# SVS versus Klipsch



## acommonsoul (Jan 30, 2008)

I was wondering about SVS's 10inch subs. How do they compare to a 12 like the Klipsch rw-12d? I have also been looking into building my own sub...would it be better to construct my own? go with SVS? or stay with my Klipsch?...my budget is $600


----------



## tonyvdb (Sep 5, 2007)

SVS is in a league all on its own. its like comparing an apple to and orange, SVS builds everything from scratch and for the money there is not much that can touch them. comparing a 10" to a 12" is not really what you want to do as there is a larger surface area in a 12" sub but SVS uses long excursion drivers and this gives them some advantage.
For $600 you should be looking at the SVS PB12 NSD it has an even lower frequency response at 18Hz compared to the 21Hz of the Klipsch.


----------



## DougMac (Jan 24, 2008)

acommonsoul said:


> I was wondering about SVS's 10inch subs. How do they compare to a 12 like the Klipsch rw-12d? I have also been looking into building my own sub...would it be better to construct my own? go with SVS? or stay with my Klipsch?...


Is the Klipsch you have the rw-12d you mentioned? If so, are you unhappy with its performance? Is there a weadness you hope to overcome? What size room do you have?

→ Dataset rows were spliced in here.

lemma powr_sum_ge_of_abs_prod_ge:
  fixes t :: "'i \<Rightarrow> real"
  assumes "finite I" and "2 \<le> card I"
    and sum_sq: "(\<Sum>i\<in>I. (t i)\<^sup>2) = real (card I) * (real (card I) - 1)"
    and prod: "real (card I) - 1 \<le> \<bar>\<Prod>i\<in>I. t i\<bar>"
    and "0 < \<alpha>" and "\<alpha> < 2"
  shows "(real (card I) - 1) powr \<alpha> + (real (card I) - 1) \<le> (\<Sum>i\<in>I. \<bar>t i\<bar> powr \<alpha>)"
proof -
  define N where "N = real (card I) - 1"
  have N: "1 \<le> N"
    unfolding N_def using assms(2) by simp
  have nz: "t i \<noteq> 0" if "i \<in> I" for i
    using prod_zero[OF assms(1), of t] that prod N by (force simp: N_def)
  define y where "y i = ln ((t i)\<^sup>2)" for i
  define L where "L = ln (N\<^sup>2)"
  have powr_eq: "\<bar>u\<bar> powr \<alpha> = exp (\<alpha> / 2 * ln (u\<^sup>2))" if "u \<noteq> 0" for u
  proof -
    have "ln (u\<^sup>2) = 2 * ln \<bar>u\<bar>"
      using ln_realpow[of "\<bar>u\<bar>" 2] by simp
    with that show ?thesis
      by (simp add: powr_def)
  qed
  have "exp (\<alpha> / 2 * L) + real (card I) - 1 \<le> (\<Sum>i\<in>I. exp (\<alpha> / 2 * y i))"
  proof (rule sum_exp_scale_ge)
    show "0 \<le> L"
      unfolding L_def using N by simp
    have "L \<le> ln (\<bar>\<Prod>i\<in>I. t i\<bar>\<^sup>2)"
      unfolding L_def using prod N by (intro ln_mono power_mono) (auto simp: N_def)
    also have "\<dots> = (\<Sum>i\<in>I. y i)"
      using nz assms(1) by (simp add: y_def ln_prod prod_power_distrib)
    finally show "L \<le> (\<Sum>i\<in>I. y i)" .
    have "(\<Sum>i\<in>I. exp (y i)) = (\<Sum>i\<in>I. (t i)\<^sup>2)"
      using nz by (intro sum.cong) (auto simp: y_def)
    moreover have "exp L = N\<^sup>2"
      using N by (simp add: L_def)
    ultimately show "exp L + real (card I) - 1 \<le> (\<Sum>i\<in>I. exp (y i))"
      using sum_sq by (simp add: N_def power2_eq_square algebra_simps)
  qed (use assms in auto)
  moreover have "exp (\<alpha> / 2 * L) = N powr \<alpha>"
    using N powr_eq[of N] by (simp add: L_def)
  moreover have "(\<Sum>i\<in>I. exp (\<alpha> / 2 * y i)) = (\<Sum>i\<in>I. \<bar>t i\<bar> powr \<alpha>)"
    using nz powr_eq by (intro sum.cong) (auto simp: y_def)
  ultimately show ?thesis
    by (simp add: N_def)
qed

lemma has_real_derivative_const_powr:
  assumes "0 \<le> a"
  shows "((\<lambda>x. a powr x) has_real_derivative ln a * a powr x) (at x)"
proof (cases "a = 0")
  case False
  with assms show ?thesis
    by (auto intro!: derivative_eq_intros simp: powr_def)
qed simp

lemma eventually_at_right_neg_of_deriv:
  fixes f :: "real \<Rightarrow> real"
  assumes "DERIV f x :> d" and "f x < 0 \<or> f x = 0 \<and> d < 0"
  shows "\<forall>\<^sub>F h in at_right x. f h < 0"
  using assms(2)
proof
  assume "f x < 0"
  have "(f \<longlongrightarrow> f x) (at x)"
    using DERIV_isCont[OF assms(1)] by (simp add: isCont_def)
  then have "\<forall>\<^sub>F h in at x. f h < 0"
    using \<open>f x < 0\<close> by (rule order_tendstoD)
  then show ?thesis
    by (simp add: eventually_at_split)
next
  assume "f x = 0 \<and> d < 0"
  with DERIV_neg_dec_right[OF assms(1)] obtain \<delta> where "0 < \<delta>" "\<forall>h>0. h < \<delta> \<longrightarrow> f (x + h) < 0"
    by auto
  then show ?thesis
    unfolding eventually_at_right_field
    by (intro exI[of _ "x + \<delta>"]) (auto dest: spec[of _ "_ - x"])
qed

lemma powr_sum_lt_of_abs_prod_lt:
  fixes t :: "'i \<Rightarrow> real"
  assumes "finite I" and prod: "\<bar>\<Prod>i\<in>I. t i\<bar> < real (card I) - 1"
  shows "\<exists>\<alpha>. 0 < \<alpha> \<and> \<alpha> < 2 \<and>
    (\<Sum>i\<in>I. \<bar>t i\<bar> powr \<alpha>) < (real (card I) - 1) powr \<alpha> + (real (card I) - 1)"
proof -
  define N where "N = real (card I) - 1"
  have N: "0 < N"
    unfolding N_def using prod abs_ge_zero order.strict_trans1 by blast
  define f where "f x = (\<Sum>i\<in>I. \<bar>t i\<bar> powr x) - N powr x - N" for x
  define f' where "f' x = (\<Sum>i\<in>I. ln \<bar>t i\<bar> * \<bar>t i\<bar> powr x) - ln N * N powr x" for x
  have "DERIV f x :> f' x" for x
    unfolding f_def f'_def using N
    by (auto intro!: derivative_eq_intros has_real_derivative_const_powr)
  moreover have "f 0 < 0 \<or> f 0 = 0 \<and> f' 0 < 0"
  proof (cases "\<exists>i\<in>I. t i = 0")
    case True
    then have "(\<Sum>i\<in>I. \<bar>t i\<bar> powr 0) < (\<Sum>i\<in>I. 1)"
      using assms(1) by (intro sum_strict_mono_ex1) auto
    then show ?thesis
      using N by (simp add: f_def N_def)
  next
    case False
    have "(\<Sum>i\<in>I. ln \<bar>t i\<bar>) = ln \<bar>\<Prod>i\<in>I. t i\<bar>"
      using False assms(1) prod_norm[of t I, symmetric] by (simp add: ln_prod)
    also have "\<dots> < ln N"
      using False assms(1) prod by (simp add: N_def)
    finally show ?thesis
      using False N by (simp add: f_def f'_def N_def)
  qed
  ultimately have "\<forall>\<^sub>F \<alpha> in at_right 0. f \<alpha> < 0 \<and> \<alpha> \<in> {0<..<2}"
    by (intro eventually_conj eventually_at_right_neg_of_deriv eventually_at_right_real) auto
  then obtain \<alpha> where "f \<alpha> < 0" "0 < \<alpha>" "\<alpha> < 2"
    using eventually_happens'[OF trivial_limit_at_right_real] by fastforce
  then show ?thesis
    by (intro exI[of _ \<alpha>]) (simp add: f_def N_def)
qed

theorem theorem1p1:
  fixes n :: nat and E :: "nat \<Rightarrow> nat \<Rightarrow> bool" and \<theta> :: "real list"
  assumes "simple_graph n E"
    and "length \<theta> = n"
    and "char_poly (seidel_matrix n E) = (\<Prod>a\<leftarrow>\<theta>. [:- a, 1:])"
  shows "\<bar>det (seidel_matrix n E)\<bar> \<ge> real (n - 1) \<longleftrightarrow>
         (\<forall>\<alpha>::real. 0 < \<alpha> \<and> \<alpha> < 2 \<longrightarrow>
            (\<Sum>a\<leftarrow>\<theta>. \<bar>a\<bar> powr \<alpha>) \<ge> real (n - 1) powr \<alpha> + real (n - 1))"
proof -
  have S: "seidel_matrix n E \<in> carrier_mat n n"
    by (simp add: seidel_matrix_def)
  have det: "det (seidel_matrix n E) = (\<Prod>i<n. \<theta> ! i)"
    using det_eq_prod_eigenvalues[OF S assms(3)] assms(2) by (simp add: prod.list_conv_set_nth atLeast0LessThan)
  have sum_sq: "(\<Sum>i<n. (\<theta> ! i)\<^sup>2) = real n * (real n - 1)"
    using mat_trace_square_eq_sum_eigenvalue_squares[OF S assms(3)]
      mat_trace_square_seidel_matrix[OF assms(1)] assms(2)
    by (simp add: sum_list_sum_nth atLeast0LessThan)
  have powr_sum: "(\<Sum>a\<leftarrow>\<theta>. \<bar>a\<bar> powr \<alpha>) = (\<Sum>i<n. \<bar>\<theta> ! i\<bar> powr \<alpha>)" for \<alpha>
    using assms(2) by (simp add: sum_list_sum_nth atLeast0LessThan)
  show ?thesis
  proof (cases "2 \<le> n")
    case True
    have ge: "(real n - 1) powr \<alpha> + (real n - 1) \<le> (\<Sum>i<n. \<bar>\<theta> ! i\<bar> powr \<alpha>)"
      if "real n - 1 \<le> \<bar>\<Prod>i<n. \<theta> ! i\<bar>" "0 < \<alpha>" "\<alpha> < 2" for \<alpha>
      using powr_sum_ge_of_abs_prod_ge[of "{..<n}" "(!) \<theta>" \<alpha>] True sum_sq that by simp
    have lt: "\<exists>\<alpha>. 0 < \<alpha> \<and> \<alpha> < 2 \<and> (\<Sum>i<n. \<bar>\<theta> ! i\<bar> powr \<alpha>) < (real n - 1) powr \<alpha> + (real n - 1)"
      if "\<bar>\<Prod>i<n. \<theta> ! i\<bar> < real n - 1"
      using powr_sum_lt_of_abs_prod_lt[of "{..<n}" "(!) \<theta>"] that by simp
    show ?thesis
      unfolding det powr_sum using True ge lt by (simp add: of_nat_diff) (meson not_le)
  next
    case False
    then have "(\<Sum>i<n. (\<theta> ! i)\<^sup>2) = 0"
      using sum_sq by (cases "n = 0") auto
    then have "\<theta> ! i = 0" if "i < n" for i
      using that by (simp add: sum_nonneg_eq_0_iff)
    with False show ?thesis
      unfolding powr_sum by simp
  qed
qed

end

I'd hate for you to change to another sub only to find whatever motivated you to do so is not resolved.

I also considered DIY. After doing some research, I decided it would be a fun project, but good tools, good building techniques and a fair amount of time is necessary to achieve good results. I also concluded that I wouldn't save much or any money at the price/performance level I was aiming at. Since I was doing all the work to create a home theater out of an unfinished space, I decided to buy an SVS PB12-NSD.

I'm not familiar with the sound quality of the Klipsch, but I've read of some who have gone from lesser subs with plenty of "boom" to SVS subs and been initially disappointed. I certainly found it different sounding from my 22 year old Infinity 10" servo sub. What I thought was "punch" from the Infinity was actually more of a one note honk. You could pretty much throw the Infinity anywhere and it sounded the same.

Not so with the SVS. It took more time and experimentation to place and adjust. Once dialed in, though, the reward was incredible deep smooth bass.

Doug


----------